To perform evaluation of an expression typable in context [Γ], one will need to provide an environment of the same type. That is, a dependently-typed list of values for each type in [Γ]. What we are building here are called "closures", which pair together a function body and its environment: for each free variable of the body we have a value.
This represents the empty closure [((λ x : unit. x), []]
This represents the closure [((λ x : unit. y), [y := tt]].
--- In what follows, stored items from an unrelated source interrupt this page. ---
theorem theorem2:
  shows "\<exists>c>0. \<forall>(V :: nat set) (E :: nat set set) (p :: nat \<Rightarrow> real \<times> real).
     simple_graph V E \<and> max_degree V E \<ge> 1 \<and> inj_on p V \<longrightarrow>
     (\<exists>\<alpha>. arc_diagram E \<alpha> \<and> angular_resolution_ge V E p \<alpha> (c / real (max_degree V E)))"
proof (intro exI[of _ "pi/4"] conjI allI impI)
  fix V :: "nat set" and E :: "nat set set" and p :: "nat \<Rightarrow> real \<times> real"
  assume "simple_graph V E \<and> max_degree V E \<ge> 1 \<and> inj_on p V"
  then have G: "simple_graph V E" and d_pos: "max_degree V E \<ge> 1" and p: "inj_on p V" by auto
  define d where "d = max_degree V E"
  have edges: "\<forall>e\<in>E. \<exists>a b. e = {a, b}" using G unfolding simple_graph_def by metis
  have degrees: "\<forall>v. degree E v \<le> d" using G by (simp add: d_def simple_graph_degree_le_max_degree)
  obtain col where col: "\<forall>e\<in>E. col e < 2*d - 1" "proper_edge_colouring E col"
    using greedy_edge_colouring[OF simple_graph_finite_edges[OF G] edges degrees] by (elim exE conjE)
  define k where "k = pi / (4 * real d)"
  have k: "k > 0" using d_pos by (simp add: k_def d_def)
  define \<alpha> where "\<alpha> e = real (col e) * k" for e
  have "arc_diagram E \<alpha>"
    using col(1) d_pos by (auto simp: arc_diagram_def \<alpha>_def k_def d_def field_simps)
  moreover have "k \<le> \<bar>\<alpha> e1 - \<alpha> e2\<bar>"
    if "e1 \<in> E" "e2 \<in> E" "v \<in> e1" "v \<in> e2" "e1 \<noteq> e2" for v e1 e2
  proof -
    have "col e1 \<noteq> col e2" using col(2) that unfolding proper_edge_colouring_def by blast
    then have "1 \<le> \<bar>real (col e1) - real (col e2)\<bar>" by (cases "col e1 < col e2") auto
    then show ?thesis using k by (simp add: \<alpha>_def abs_mult flip: left_diff_distrib)
  qed
  ultimately show "\<exists>\<alpha>. arc_diagram E \<alpha> \<and> angular_resolution_ge V E p \<alpha> (pi / 4 / real (max_degree V E))"
    using angular_resolution_ge_if_tilts_separated[OF G p] unfolding k_def d_def by auto
qed simp
(* Let $P\subset\mathbb{R}^d$ be a $(0,1)$-polytope. Then, after a change of coordinates, $P=P_1\times\cdots\times P_s$ for some indecomposable $(0,1)$-polytopes $P_1,\ldots,P_s$.
   Context: A $(0,1)$-polytope is a polytope all of whose vertices lie in $\{0,1\}^d$. A lattice polytope is (Minkowski) indecomposable if it is not a single point and whenever it equals $P_1+P_2$ (Minkowski sum) with $P_1,P_2$ lattice polytopes, one of $P_1,P_2$ is a single point. $\times$ denotes direct product of polytopes; a Minkowski sum $P'+Q'$ of polytopes in $\mathbb{R}^d$ such that, for every coordinate $i$, the projection of $P'$ or of $Q'$ to the $i$-th coordinate is $\{0\}$, is regarded as the direct product of these polytopes (in the respective coordinate subspaces). *)

theory Defs
  imports "HOL-Analysis.Analysis"
begin

text \<open>Polytopes in R^d, modelled as subsets of real^'n (d = CARD('n)).\<close>

definition lattice_polytope :: "(real^'n) set \<Rightarrow> bool" where
  "lattice_polytope P \<longleftrightarrow> polytope P \<and> P \<noteq> {} \<and>
     (\<forall>v. v extreme_point_of P \<longrightarrow> (\<forall>i. v $ i \<in> \<int>))"

definition zero_one_polytope :: "(real^'n) set \<Rightarrow> bool" where
  "zero_one_polytope P \<longleftrightarrow> polytope P \<and> P \<noteq> {} \<and>
     (\<forall>v. v extreme_point_of P \<longrightarrow> (\<forall>i. v $ i \<in> {0, 1}))"

definition minkowski_sum :: "(real^'n) set \<Rightarrow> (real^'n) set \<Rightarrow> (real^'n) set" where
  "minkowski_sum A B = {x + y | x y. x \<in> A \<and> y \<in> B}"

definition is_single_point :: "(real^'n) set \<Rightarrow> bool" where
  "is_single_point A \<longleftrightarrow> (\<exists>a. A = {a})"

definition lattice_indecomposable :: "(real^'n) set \<Rightarrow> bool" where
  "lattice_indecomposable P \<longleftrightarrow> \<not> is_single_point P \<and>
     (\<forall>P1 P2. lattice_polytope P1 \<and> lattice_polytope P2 \<and> P = minkowski_sum P1 P2
        \<longrightarrow> is_single_point P1 \<or> is_single_point P2)"

definition coord_zero :: "(real^'n) set \<Rightarrow> 'n \<Rightarrow> bool" where
  "coord_zero A i \<longleftrightarrow> (\<forall>x\<in>A. x $ i = 0)"

text \<open>Direct product of polytopes in complementary coordinate subspaces, realised as
  the Minkowski sum of factors with pairwise disjoint coordinate supports (empty product = {0}).\<close>
definition direct_product :: "(real^'n) set list \<Rightarrow> (real^'n) set" where
  "direct_product Ps = foldr minkowski_sum Ps {0}"

definition disjoint_supports :: "(real^'n) set list \<Rightarrow> bool" where
  "disjoint_supports Ps \<longleftrightarrow> (\<forall>j<length Ps. \<forall>k<length Ps. j \<noteq> k \<longrightarrow>
      (\<forall>i. coord_zero (Ps ! j) i \<or> coord_zero (Ps ! k) i))"

end

theory Submission
  imports Defs
begin

(* The vertices of a lattice polytope are integral, so on each coordinate that is not constant
   on it, a lattice polytope varies by at least 1. In a lattice decomposition P = A + B of a
   0/1-polytope no coordinate can therefore vary on both A and B, for it would range over an
   interval of length 2 on P. Translate P so that its constant coordinates vanish; then P is the
   Minkowski sum of its coordinate projections onto the varying coordinates of A and of B, two
   0/1-polytopes with fewer varying coordinates, and induction on the number of varying
   coordinates splits P into indecomposable factors with disjoint coordinate supports. *)

definition varying_coords :: "(real^'n) set \<Rightarrow> 'n set" where
  "varying_coords A = {i. \<exists>x\<in>A. \<exists>y\<in>A. x$i \<noteq> y$i}"

definition coord_support :: "(real^'n) set \<Rightarrow> 'n set" where
  "coord_support A = {i. \<not> coord_zero A i}"

definition coord_proj :: "'n set \<Rightarrow> real^'n \<Rightarrow> real^'n" where
  "coord_proj S x = (\<chi> i. if i \<in> S then x$i else 0)"

lemma linear_coord_proj: "linear (coord_proj S)"
  by (rule linearI) (auto simp: coord_proj_def vec_eq_iff)

lemma convex_coord_slab: "convex {x::real^'n. a \<le> x$i \<and> x$i \<le> b}"
proof -
  have "{x::real^'n. a \<le> x$i \<and> x$i \<le> b} = {x. axis i 1 \<bullet> x \<ge> a} \<inter> {x. axis i 1 \<bullet> x \<le> b}"
    by (auto simp: inner_axis')
  then show ?thesis by (simp add: convex_Int convex_halfspace_ge convex_halfspace_le)
qed

lemma polytope_eq_convex_hull_extreme_points:
  fixes A :: "'a::euclidean_space set"
  assumes "polytope A"
  shows "A = convex hull {v. v extreme_point_of A}"
  using Krein_Milman_Minkowski[OF polytope_imp_compact[OF assms] polytope_imp_convex[OF assms]] .

lemma polytope_subset_convex_if_extreme_points:
  fixes A :: "'a::euclidean_space set"
  assumes "polytope A" "convex C" "\<And>v. v extreme_point_of A \<Longrightarrow> v \<in> C"
  shows "A \<subseteq> C"
proof -
  have "A = convex hull {v. v extreme_point_of A}"
    using assms(1) by (rule polytope_eq_convex_hull_extreme_points)
  also have "\<dots> \<subseteq> C"
    by (rule hull_minimal) (use assms(2,3) in auto)
  finally show ?thesis .
qed

lemma extreme_point_exists_polytope:
  fixes A :: "'a::euclidean_space set"
  assumes "polytope A" "A \<noteq> {}"
  obtains v where "v extreme_point_of A"
  using extreme_point_exists_convex[OF polytope_imp_compact polytope_imp_convex] assms
  by blast
lemma phase_close_to_one:
  assumes T: "finite T" "orthonormal T"
    and W: "W \<in> unitary_group J" "fixes_orthogonal W F" and F: "finite F" "card F < card T"
    and near: "\<forall>u\<in>T. norm (W u - cscale J s u) \<le> \<epsilon>"
  shows "cmod (1 - s) \<le> real (card T) * \<epsilon>"
proof -
  have "linear W"
    using W(1) by (simp add: unitary_group_iff)
  then obtain x where x: "x \<noteq> 0" "norm (x - cscale J s x) \<le> real (card T) * \<epsilon> * norm x"
    using exists_fixed_vector_near[OF T _ W(2) F linear_cscale near] by blast
  have "x - cscale J s x = cscale J (1 - s) x"
    by (simp add: cscale_diff_left)
  then have "cmod (1 - s) * norm x \<le> real (card T) * \<epsilon> * norm x"
    using x(2) by (simp add: norm_cscale)
  then show ?thesis
    using x(1) by simp
qed

end

locale complex_hilbert_space = complex_inner_space J for J :: "'h::{real_inner,complete_space} \<Rightarrow> 'h"
begin

lemma openin_SOT_unitary_near:
  assumes "finite T"
  shows "openin (SOT_unitary J)
    {U \<in> unitary_group J. \<exists>c. cmod c = 1 \<and> (\<forall>u\<in>T. dist (U u) (cscale J c (V u)) < \<epsilon>)}"
proof -
  let ?P = "product_topology (\<lambda>_. euclidean) (UNIV :: 'h set) :: ('h \<Rightarrow> 'h) topology"
  have "openin ?P {U. \<forall>u\<in>T. dist (U u) (cscale J c (V u)) < \<epsilon>}" for c
    using assms by (rule openin_product_euclidean_near)
  then have "openin ?P (\<Union>c\<in>{c. cmod c = 1}. {U. \<forall>u\<in>T. dist (U u) (cscale J c (V u)) < \<epsilon>})"
    by blast
  then have "openin (SOT_unitary J)
      (unitary_group J \<inter> (\<Union>c\<in>{c. cmod c = 1}. {U. \<forall>u\<in>T. dist (U u) (cscale J c (V u)) < \<epsilon>}))"
    unfolding SOT_unitary_def by (rule openin_subtopology_Int2)
  moreover have "unitary_group J \<inter> (\<Union>c\<in>{c. cmod c = 1}. {U. \<forall>u\<in>T. dist (U u) (cscale J c (V u)) < \<epsilon>})
      = {U \<in> unitary_group J. \<exists>c. cmod c = 1 \<and> (\<forall>u\<in>T. dist (U u) (cscale J c (V u)) < \<epsilon>)}"
    by blast
  ultimately show ?thesis
    by simp
qed


lemma pclass_notin_closure_class_support_le:
  assumes V: "V \<in> unitary_group J"
    and Tn: "finite Tn" "orthonormal Tn" "\<forall>u\<in>Tn. V u = - u" "k < card Tn"
    and Tp: "finite Tp" "orthonormal Tp" "\<forall>u\<in>Tp. V u = u" "k < card Tp"
  shows "pclass J V \<notin> quotient_topology (SOT_unitary J) (pclass J) closure_of {A. class_support_le k A}"
proof -
  define \<epsilon> where "\<epsilon> = 1 / real (card Tn + card Tp)"
  have \<epsilon>: "\<epsilon> > 0" "real (card Tn + card Tp) * \<epsilon> = 1"
    using Tn(4) by (auto simp: \<epsilon>_def)
  define N where "N = {U \<in> unitary_group J. \<exists>c. cmod c = 1 \<and> (\<forall>u\<in>Tn \<union> Tp. dist (U u) (cscale J c (V u)) < \<epsilon>)}"
  have saturated: "U \<in> N" if U': "U' \<in> N" and eq: "pclass J U = pclass J U'" for U U'
  proof -
    obtain d where d: "cmod d = 1" "U = (\<lambda>x. cscale J d (U' x))"
      using eq by (rule pclass_eqD)
    obtain c where c: "cmod c = 1" "\<forall>u\<in>Tn \<union> Tp. dist (U' u) (cscale J c (V u)) < \<epsilon>"
      using U' by (auto simp: N_def)
    have "U \<in> unitary_group J"
      using d comp_unitary[OF cscale_unitary[OF d(1)], of U'] U' by (simp add: N_def comp_def)
    moreover have "\<forall>u\<in>Tn \<union> Tp. dist (U u) (cscale J (d * c) (V u)) < \<epsilon>"
      using c(2) dist_cscale[OF d(1)] by (simp add: d(2) flip: cscale_cscale)
    moreover have "cmod (d * c) = 1"
      using c(1) d(1) by (simp add: norm_mult)
    ultimately show ?thesis
      unfolding N_def by blast
  qed
  have "openin (SOT_unitary J) N"
    unfolding N_def using Tn(1) Tp(1) by (intro openin_SOT_unitary_near) simp
  then have "openin (quotient_topology (SOT_unitary J) (pclass J)) (pclass J ` N)"
    by (rule openin_quotient_topology_image) (rule saturated)
  moreover have "V \<in> N"
    unfolding N_def using V \<epsilon>(1) by (intro CollectI conjI exI[of _ 1]) simp_all
  then have "pclass J V \<in> pclass J ` N"
    by (rule imageI)
  moreover have "A \<notin> {A. class_support_le k A}" if A: "A \<in> pclass J ` N" for A
  proof
    assume "A \<in> {A. class_support_le k A}"
    then obtain W F where W: "W \<in> unitary_group J" "A = pclass J W" "fixes_orthogonal W F"
      and F: "finite F" "card F \<le> k"
      by (auto simp: class_support_le_def)
    obtain U' where U': "U' \<in> N" "A = pclass J U'"
      using A by blast
    have "W \<in> N"
      using U'(2) W(2) by (intro saturated[OF U'(1)]) simp
    then obtain c where c: "\<forall>u\<in>Tn \<union> Tp. dist (W u) (cscale J c (V u)) < \<epsilon>"
      by (auto simp: N_def)
    have "\<forall>u\<in>Tn. norm (W u - cscale J (- c) u) \<le> \<epsilon>"
    proof
      fix u assume u: "u \<in> Tn"
      have "dist (W u) (cscale J c (V u)) < \<epsilon>"
        using c u by blast
      moreover have "cscale J c (V u) = cscale J (- c) u"
        using Tn(3) u by (simp add: cscale_def)
      ultimately show "norm (W u - cscale J (- c) u) \<le> \<epsilon>"
        by (simp add: dist_norm)
    qed
    then have "cmod (1 - - c) \<le> real (card Tn) * \<epsilon>"
      using F Tn by (intro phase_close_to_one[OF Tn(1,2) W(1,3) F(1)]) auto
    moreover have "\<forall>u\<in>Tp. norm (W u - cscale J c u) \<le> \<epsilon>"
    proof
      fix u assume u: "u \<in> Tp"
      have "dist (W u) (cscale J c (V u)) < \<epsilon>"
        using c u by blast
      then show "norm (W u - cscale J c u) \<le> \<epsilon>"
        using Tp(3) u by (simp add: dist_norm)
    qed
    then have "cmod (1 - c) \<le> real (card Tp) * \<epsilon>"
      using F Tp by (intro phase_close_to_one[OF Tp(1,2) W(1,3) F(1)]) auto
    moreover have "2 \<le> cmod (1 - - c) + cmod (1 - c)"
      using norm_triangle_ineq[of "1 - - c" "1 - c"] by (simp add: algebra_simps)
    ultimately show False
      using \<epsilon>(2) by (simp add: distrib_right)
  qed
  ultimately show ?thesis
    by (rule notin_closure_ofI)
qed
Our evaluator is a function from environments for Γ to values of type A. (Ignore the argument (n : nat) for now). Morally, taking an expression with free variables in Γ, it tries to evaluate it to produce a value. When facing a λ-expression, it simply stops and produces a closure using the current environment. At applications, it can unpack such closures for the function part and continue evaluation of the bodies, assuming the argument also evaluates to a value. Dependent pattern-matching is used to ensure that from a well-typed term of type [t] we always produce a value of the same type [t]: our evaluator is type-preserving "by construction". In addition, thanks to the indexing by [Γ], we also know that at the variable case, we will _always_ find a corresponding value in the environment.
[eval n Γ t e E] takes an expression with free variables in [Γ] and type [t], along with an environment for [Γ] and produces (optionally) values in [t].

### Fuel

Here we are using a common idiom in Coq when we don't know how to prove the termination of a function: we make it structurally recursive on an additional argument [n] and when this reaches 0 we return an "out of domain" exception (here [None]). The [n] argument acts as an amount of gas or fuel that the function is allowed to spend and which must decrease at each recursive call for the function to be accepted by Coq. It actually limits the longest depth of allowed recursive calls -- the analogy with blockchain gas which counts exactly the cost of all instructions of the program breaks down here. That is why our evaluator is partial, i.e., it returns only _optionally_ a resulting value. Remark that simply-typed lambda calculus is strongly normalizing, so in principle we could also define this program by well-founded recursion on the proof of normalization. This is simply beyond the scope of this example. Note also, on the other hand, that we could extend the language here with imperative features like mutable references that can lead to non-termination, and the evaluator would be fine with that, see http://mattam82.github.io/Coq-Equations/examples/Examples.definterp.html for that example. We can check that evaluation actually computes the right values: we know already that it will have the right type.
Exercise: extend the base types with booleans and the expression language with the constructors of booleans and the (well-typed) conditional (if .. then .. else). Adapt the evaluator accordingly.